If you have time, use the grab_synthetic_control() function to create a similar permutation test plot for the average causal effect you computed before (comparing California’s effect to the reference distribution).

Code
# Create a dataset with average causal effect
# for each state, also in the placebo group
ce_data <- 
  prop99_syn |> 
  grab_synthetic_control(placebo = TRUE) |> 
  filter(time_unit > 1988) |>
  mutate(dif = real_y - synth_y) |> 
  group_by(.id, .placebo) |> 
  summarize(average_causal_effect = mean(dif), .groups = "drop") 

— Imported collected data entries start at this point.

lemma class_basis_inv_mult:
  assumes "t > 0"
  shows "class_basis_inv t n * class_basis t n = (1\<^sub>m (t*n) :: 'a::field_char_0 mat)"
proof (rule eq_matI)
  fix j j' assume "j < dim_row (1\<^sub>m (t*n) :: 'a mat)" "j' < dim_col (1\<^sub>m (t*n) :: 'a mat)"
  then have j: "j < t*n" and j': "j' < t*n" by auto
  let ?Q = "class_basis_inv t n :: 'a mat"
  have "(?Q * class_basis t n) $$ (j,j') = (if j' < n then (\<Sum>k<t. ?Q $$ (j, j'*t + k))
     else ?Q $$ (j, diff_vertex t n j') - ?Q $$ (j, diff_class t n j' * t))"
    unfolding index_mult_mat_sum[OF class_basis_inv_carrier class_basis_carrier j j']
    by (rule mult_class_basis_col[OF j'])
  also have "\<dots> = 1\<^sub>m (t*n) $$ (j,j')"
  proof (cases "j' < n")
    case True
    then show ?thesis unfolding class_basis_inv_class_column[OF assms j True] using j j' by simp
  next
    case False
    then have nj': "n \<le> j'" by simp
    show ?thesis unfolding class_basis_inv_diff_column[OF j nj' j'] using False j j' by simp
  qed
  finally show "(?Q * class_basis t n) $$ (j,j') = 1\<^sub>m (t*n) $$ (j,j')" .
qed (simp_all add: class_basis_def class_basis_inv_def)

section \<open>Blown-up matrices\<close>

text \<open>blowup_mat t K c is K \<otimes> J + diag c \<otimes> I, with J the all-ones and I the identity
  t \<times> t matrix, in the vertex numbering of blowup.\<close>

definition blowup_mat :: "nat \<Rightarrow> 'a::semiring_1 mat \<Rightarrow> (nat \<Rightarrow> 'a) \<Rightarrow> 'a mat" where
  "blowup_mat t K c = mat (t * dim_row K) (t * dim_row K)
     (\<lambda>(x,y). K $$ (x div t, y div t) + (if x = y then c (x div t) else 0))"

definition quotient_mat :: "nat \<Rightarrow> 'a::semiring_1 mat \<Rightarrow> (nat \<Rightarrow> 'a) \<Rightarrow> 'a mat" where
  "quotient_mat t K c = of_nat t \<cdot>\<^sub>m K + mat_diag (dim_row K) c"

definition blowup_block_mat :: "nat \<Rightarrow> 'a::semiring_1 mat \<Rightarrow> (nat \<Rightarrow> 'a) \<Rightarrow> 'a mat" where
  "blowup_block_mat t K c = four_block_mat
     (quotient_mat t K c) (0\<^sub>m (dim_row K) (dim_row K * (t - 1)))
     (0\<^sub>m (dim_row K * (t - 1)) (dim_row K)) (mat_diag (dim_row K * (t - 1)) (\<lambda>i. c (i div (t - 1))))"

lemma blowup_mat_carrier: "K \<in> carrier_mat n n \<Longrightarrow> blowup_mat t K c \<in> carrier_mat (t*n) (t*n)"
  by (simp add: blowup_mat_def)

lemma add_mult_pred_eq: "0 < t \<Longrightarrow> n + n * (t - 1) = t * (n::nat)"
  by (cases t) simp_all

lemma blowup_block_mat_carrier:
  assumes "K \<in> carrier_mat n n" "t > 0"
  shows "blowup_block_mat t K c \<in> carrier_mat (t*n) (t*n)"
  unfolding add_mult_pred_eq[OF assms(2), symmetric]
  using assms(1) by (simp add: blowup_block_mat_def quotient_mat_def)

lemma index_blowup_block_mat:
  assumes "K \<in> carrier_mat n n" "t > 0" "i < t*n" "j < t*n"
  shows "blowup_block_mat t K c $$ (i,j) =
    (if i < n \<and> j < n then of_nat t * K $$ (i,j) + (if i = j then c i else 0)
     else if i = j then c (diff_class t n j) else 0)"
  using assms unfolding add_mult_pred_eq[OF assms(2), symmetric]
  by (auto simp: blowup_block_mat_def quotient_mat_def mat_diag_def diff_class_def)

lemma index_blowup_mat_mult_class_basis:
  fixes K :: "'a::comm_ring_1 mat"
  assumes K: "K \<in> carrier_mat n n" and x: "x < t*n" and j: "j < t*n"
  shows "(blowup_mat t K c * class_basis t n) $$ (x,j) =
    (if j < n then of_nat t * K $$ (x div t, j) + (if x div t = j then c j else 0)
     else class_basis t n $$ (x,j) * c (diff_class t n j))"
proof -
  let ?B = "blowup_mat t K c"
  have t: "t > 0" using x by (cases t) simp_all
  have B: "?B $$ (x,y) = K $$ (x div t, y div t) + (if x = y then c (x div t) else 0)" if "y < t*n" for y
    using K x that by (simp add: blowup_mat_def)
  have "(?B * class_basis t n) $$ (x,j) = (if j < n then (\<Sum>k<t. ?B $$ (x, j*t + k))
     else ?B $$ (x, diff_vertex t n j) - ?B $$ (x, diff_class t n j * t))"
    unfolding index_mult_mat_sum[OF blowup_mat_carrier[OF K] class_basis_carrier x j]
    by (rule mult_class_basis_col[OF j])
  also have "\<dots> = (if j < n then of_nat t * K $$ (x div t, j) + (if x div t = j then c j else 0)
     else class_basis t n $$ (x,j) * c (diff_class t n j))"
  proof (cases "j < n")
    case True
    have hit: "x = j*t + k \<longleftrightarrow> x div t = j \<and> k = x mod t" if "k < t" for k
      using mult_add_eq_mult_add_iff[of k t "x mod t" j "x div t"] that t div_mult_mod_eq[of x t] by auto
    have "(\<Sum>k<t. ?B $$ (x, j*t + k))
        = (\<Sum>k<t. K $$ (x div t, j) + (if x div t = j then (if k = x mod t then c j else 0) else 0))"
      using B mult_add_less_mult[OF True] hit by (intro sum.cong refl) simp
    also have "\<dots> = of_nat t * K $$ (x div t, j) + (if x div t = j then c j else 0)"
      using t by (simp add: sum.distrib)
    finally show ?thesis using True by simp
  next
    case False
    then have "n \<le> j" by simp
    note d = diff_vertex[OF this j]
    have "?B $$ (x, diff_vertex t n j) - ?B $$ (x, diff_class t n j * t)
        = ((if x = diff_vertex t n j then 1 else 0) - (if x = diff_class t n j * t then 1 else 0))
          * c (diff_class t n j)"
      using B d t by (simp add: left_diff_distrib)
    then show ?thesis using False x j by (simp add: class_basis_def)
  qed
  finally show ?thesis .
qed

lemma index_class_basis_mult_blowup_block_mat:
  fixes K :: "'a::comm_ring_1 mat"
  assumes K: "K \<in> carrier_mat n n" and x: "x < t*n" and j: "j < t*n"
  shows "(class_basis t n * blowup_block_mat t K c) $$ (x,j) =
    (if j < n then of_nat t * K $$ (x div t, j) + (if x div t = j then c j else 0)
     else class_basis t n $$ (x,j) * c (diff_class t n j))"
proof -
  let ?P = "class_basis t n :: 'a mat" and ?R = "blowup_block_mat t K c"
  have t: "t > 0" using x by (cases t) simp_all
  have R: "?R $$ (i,j) = (if i < n \<and> j < n then of_nat t * K $$ (i,j) + (if i = j then c i else 0)
     else if i = j then c (diff_class t n j) else 0)" if "i < t*n" for i
    using index_blowup_block_mat[OF K t that j] .
  have xn: "x div t < n" using x by (simp add: less_mult_imp_div_less mult.commute)
  have "n \<le> t*n" using t by (cases t) simp_all
  with xn have xtn: "x div t < t*n" by linarith
  have "(?P * ?R) $$ (x,j) = (\<Sum>i\<in>{0..<t*n}. ?P $$ (x,i) * ?R $$ (i,j))"
    by (rule index_mult_mat_sum[OF class_basis_carrier blowup_block_mat_carrier[OF K t] x j])
  also have "\<dots> = (if j < n then ?R $$ (x div t, j) else ?P $$ (x,j) * c (diff_class t n j))"
  proof (cases "j < n")
    case True
    have "(\<Sum>i\<in>{0..<t*n}. ?P $$ (x,i) * ?R $$ (i,j)) = (\<Sum>i\<in>{0..<t*n}. if i = x div t then ?R $$ (x div t, j) else 0)"
      using True x R by (intro sum.cong refl) (auto simp: class_basis_def)
    also have "\<dots> = ?R $$ (x div t, j)"
      using xtn by simp
    finally show ?thesis using True by simp
  next
    case False
    have "(\<Sum>i\<in>{0..<t*n}. ?P $$ (x,i) * ?R $$ (i,j)) = (\<Sum>i\<in>{0..<t*n}. if i = j then ?P $$ (x,j) * c (diff_class t n j) else 0)"
      using False R by (intro sum.cong refl) simp
    then show ?thesis using False j by simp
  qed
  finally show ?thesis using R[OF xtn] xn by simp
qed

lemma blowup_mat_mult_class_basis:
  fixes K :: "'a::comm_ring_1 mat"
  assumes K: "K \<in> carrier_mat n n" and t: "t > 0"
  shows "blowup_mat t K c * class_basis t n = class_basis t n * blowup_block_mat t K c"
proof (rule eq_matI)
  fix x j
  assume "x < dim_row (class_basis t n * blowup_block_mat t K c)"
    and "j < dim_col (class_basis t n * blowup_block_mat t K c)"
  then have "x < t*n" "j < t*n"
    using carrier_matD[OF blowup_block_mat_carrier[OF K t]] by (simp_all add: class_basis_def)
  then show "(blowup_mat t K c * class_basis t n) $$ (x,j) = (class_basis t n * blowup_block_mat t K c) $$ (x,j)"
    by (simp only: index_blowup_mat_mult_class_basis[OF K] index_class_basis_mult_blowup_block_mat[OF K])
qed (use K carrier_matD[OF blowup_block_mat_carrier[OF K t]] in \<open>simp_all add: blowup_mat_def class_basis_def\<close>)

lemma similar_blowup_block_mat:
  fixes K :: "'a::field_char_0 mat"
  assumes K: "K \<in> carrier_mat n n" and t: "t > 0"
  shows "similar_mat (blowup_mat t K c) (blowup_block_mat t K c)"
proof -
  let ?B = "blowup_mat t K c" and ?R = "blowup_block_mat t K c"
  let ?P = "class_basis t n :: 'a mat" and ?Q = "class_basis_inv t n :: 'a mat"
  have carr: "?B \<in> carrier_mat (t*n) (t*n)" "?R \<in> carrier_mat (t*n) (t*n)"
    "?P \<in> carrier_mat (t*n) (t*n)" "?Q \<in> carrier_mat (t*n) (t*n)"
    by (rule blowup_mat_carrier[OF K] blowup_block_mat_carrier[OF K t] class_basis_carrier class_basis_inv_carrier)+
  have QP: "?Q * ?P = 1\<^sub>m (t*n)" by (rule class_basis_inv_mult[OF t])
  have PQ: "?P * ?Q = 1\<^sub>m (t*n)" by (rule mat_mult_left_right_inverse[OF carr(4,3) QP])
  have "?B = ?B * (?P * ?Q)" by (simp add: PQ right_mult_one_mat[OF carr(1)])
  also have "\<dots> = ?B * ?P * ?Q" by (rule assoc_mult_mat[symmetric, OF carr(1,3,4)])
  also have "\<dots> = ?P * ?R * ?Q" unfolding blowup_mat_mult_class_basis[OF K t] ..
  finally have "similar_mat_wit ?B ?R ?P ?Q"
    unfolding similar_mat_wit_def Let_def carrier_matD(1)[OF carr(1)] using carr PQ QP by simp
  then show ?thesis unfolding similar_mat_def by blast
qed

# Create density plot with vline for California
ce_data |> 
  filter(.placebo == 1) |> 
  ggplot(aes(x = average_causal_effect)) +
  geom_density(fill = "grey") +
  geom_rug() +
  geom_vline(
    mapping = aes(xintercept = average_causal_effect), 
    data = ce_data |> filter(.placebo == 0)
  ) +
  geom_label(
    aes(label = .id),
    y = 0.02, 
    data = ce_data |> filter(.placebo == 0)
  ) + 
  theme_minimal()

Robustness checks for units and variables

As mentioned in the lecture, this whole procedure hinges on a lot of choices. Through a robustness check (or sensitivity analysis) you can find out if your conclusions would have been differen if you had made a different choice somewhere in the study.

Exercise 9

Change one of the choices, rerun the analysis, and compare the results to the results you just created. For example:

  • Change the donor pool by taking out Utah and Nevada
  • Change the covariates by adding more, removing some, or changing the time window
  • Set the variable weights to the inverse of the covariate’s variances instead of RMSPE estimation
Code
# do all three of the above.
prop99_syn_robust <- 
  prop99 |> 
  # remove utah and nevada
  filter(state != "Utah", state != "Nevada") |> 
  # create synthetic control object
  synthetic_control(
    outcome = cigsale,
    unit = state,
    time = year,
    i_unit = "California",
    i_time = 1988,
    generate_placebos = TRUE
  ) |> 
  # The first three predictors
  generate_predictor(
    time_window = 1976:1988, # Changed time window
    lnincome = mean(lnincome, na.rm = TRUE),
    retprice = mean(retprice, na.rm = TRUE),
    age15to24 = mean(age15to24, na.rm = TRUE)
  ) |> 
  # Removed beer consumption in 1984-1988
  # Cigarette sales in 1975
  generate_predictor(
    time_window = 1975,
    cigsale_1975 = cigsale
  ) |> 
  # Cigarette sales in 1980
  generate_predictor(
    time_window = 1980,
    cigsale_1980 = cigsale
  ) |> 
  # Added cigarette sales in 1984
  generate_predictor(
    time_window = 1984,
    cigsale_1984 = cigsale
  ) |> 
  # Cigarette sales in 1988
  generate_predictor(
    time_window = 1988,
    cigsale_1988 = cigsale
  )

# compute variance for each predictor
v_weights <- 
  grab_predictors(prop99_syn_robust, type = "controls") |> 
  pivot_longer(-variable) |> 
  group_by(variable) |> 
  summarize(inverse_var = 1/var(value)) |> 
  mutate(v_weight = inverse_var/sum(inverse_var)) |> 
  pull(v_weight)

# create weights and synthetic control
prop99_syn_robust <- 
  prop99_syn_robust |> 
  generate_weights(custom_variable_weights = v_weights) |> 
  generate_control()

# plot the trend and permutation test
plot_trends(prop99_syn_robust)
plot_placebos(prop99_syn_robust)

Conclusion

In this practical, you have created a causal effect estimate using the synthetic control method in the tidysynth package, you have performed inferences for this method, and you have created a single robustness check for this inference to see whether the conclusions change if a different decision were made earlier in the study design.